Упал, чтобы подняться
– К жизни вне спорта люди адаптируются по-разному. Как получилось у вас?
– Задаваться вопросом, чем заниматься после футбола, я начал уже лет в 25. И, если честно, когда думал об этом, то впадал в ступор. А потом все произошло само собой. Я прошел через сложный период – операция, восстановление, завершение карьеры. Фактически я упал, чтобы подняться и пойти дальше. Сейчас работаю в сфере, никак не связанной со спортом, загруженность большая. Но рад, что все сложилось хорошо.
– В чем именно вам повезло?
– В том, что у меня есть жена Айгерим, которая помогла так, что словами и не опишешь.
Сезон на обезболивающих
– Говорят, что с вашим диагнозом вообще нельзя было играть в футбол.

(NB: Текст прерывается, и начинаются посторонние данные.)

lemma backward_recursion_bound:
  fixes b :: "nat \<Rightarrow> real" and x :: real
  assumes "x \<ge> 0" and rec: "\<And>i. i < d \<Longrightarrow> b i \<le> 1 + (\<Sum>j\<in>{i<..<d}. x * b j)"
  shows "i < d \<Longrightarrow> b i \<le> (x + 1) ^ (d - 1 - i)"
proof (induction "d - i" arbitrary: i rule: less_induct)
  case less
  have "(\<Sum>j\<in>{i<..<d}. x * b j) \<le> (\<Sum>j\<in>{i<..<d}. x * (x + 1) ^ (d - 1 - j))"
  proof (rule sum_mono)
    fix j assume "j \<in> {i<..<d}"
    then have "b j \<le> (x + 1) ^ (d - 1 - j)"
      by (intro less.hyps) auto
    then show "x * b j \<le> x * (x + 1) ^ (d - 1 - j)"
      using assms(1) by (rule mult_left_mono)
  qed
  then show ?case
    using rec[OF less.prems] sum_geometric_tail[OF less.prems] by simp
qed
(*
  For weights l_i = lam + mu * alpha_i with mu = 2 * lam^2, the bound on the conditional moment
  generating function makes exp (sum_{i<=t} (l_i d_i - l_i^2 / 2 * v_{i-1})) a nonnegative
  supermartingale starting at 1. Stopped at the first time t with S_t >= x and
  V_t <= sum_{i<=t} alpha_i d_i + beta, it shows that such a time exists with probability at most
  exp (-c) whenever the exponent is at least c at that time. Since 2 * lam * alpha_i <= 1 gives
  l_i^2 / 2 <= mu, the exponent is at least lam x + mu (sum_{i<=t} alpha_i d_i - V_t) >= lam x - mu beta,
  and lam = 2x / (4 alpha x + 8 beta) makes this at least x / (4 alpha + 8 beta / x).
*)

lemma (in sigma_finite_subalgebra) nn_integral_mult_mono_nn_cond_exp:
  assumes "G \<in> borel_measurable F" "g \<in> borel_measurable M"
    and "AE \<omega> in M. nn_cond_exp M F g \<omega> \<le> h \<omega>"
  shows "(\<integral>\<^sup>+\<omega>. G \<omega> * g \<omega> \<partial>M) \<le> (\<integral>\<^sup>+\<omega>. G \<omega> * h \<omega> \<partial>M)"
proof -
  have "(\<integral>\<^sup>+\<omega>. G \<omega> * g \<omega> \<partial>M) = (\<integral>\<^sup>+\<omega>. G \<omega> * nn_cond_exp M F g \<omega> \<partial>M)"
    using nn_cond_exp_intg[OF assms(1,2)] by simp
  also have "\<dots> \<le> (\<integral>\<^sup>+\<omega>. G \<omega> * h \<omega> \<partial>M)"
    using assms(3) by (intro nn_integral_mono_AE) (auto elim!: eventually_mono intro: mult_left_mono)
  finally show ?thesis .
qed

– Проблемы с почками начались в детстве, но я старался не обращать на это внимания, потому что играть в футбол было моей большой мечтой. Несмотря ни на что, я рад, что она сбылась.
– С какого момента пришлось играть через боль?
– С 17 лет. Как возникали проблемы с почками – ложился в больницу, а потом снова выходил на поле. Сильные боли начались в 2007-м. Я перешел из “Кайрата” в “Алма-Ату” – клуб, который давно не существует. Но тогда перед ним ставились серьезные задачи, для решения которых привлекали хороших игроков. Для каждого футболиста играть в такой команде – престиж, поэтому на поле я выкладывался полностью. О том, чего мне это стоило, знают немногие. За день до старта чемпионата после тренировки у меня случился приступ. По-хорошему, первый матч сезона можно было пропустить, но я этого не сделал. В итоге до августа отыграл на обезболивающих, а в сентябре меня прооперировали.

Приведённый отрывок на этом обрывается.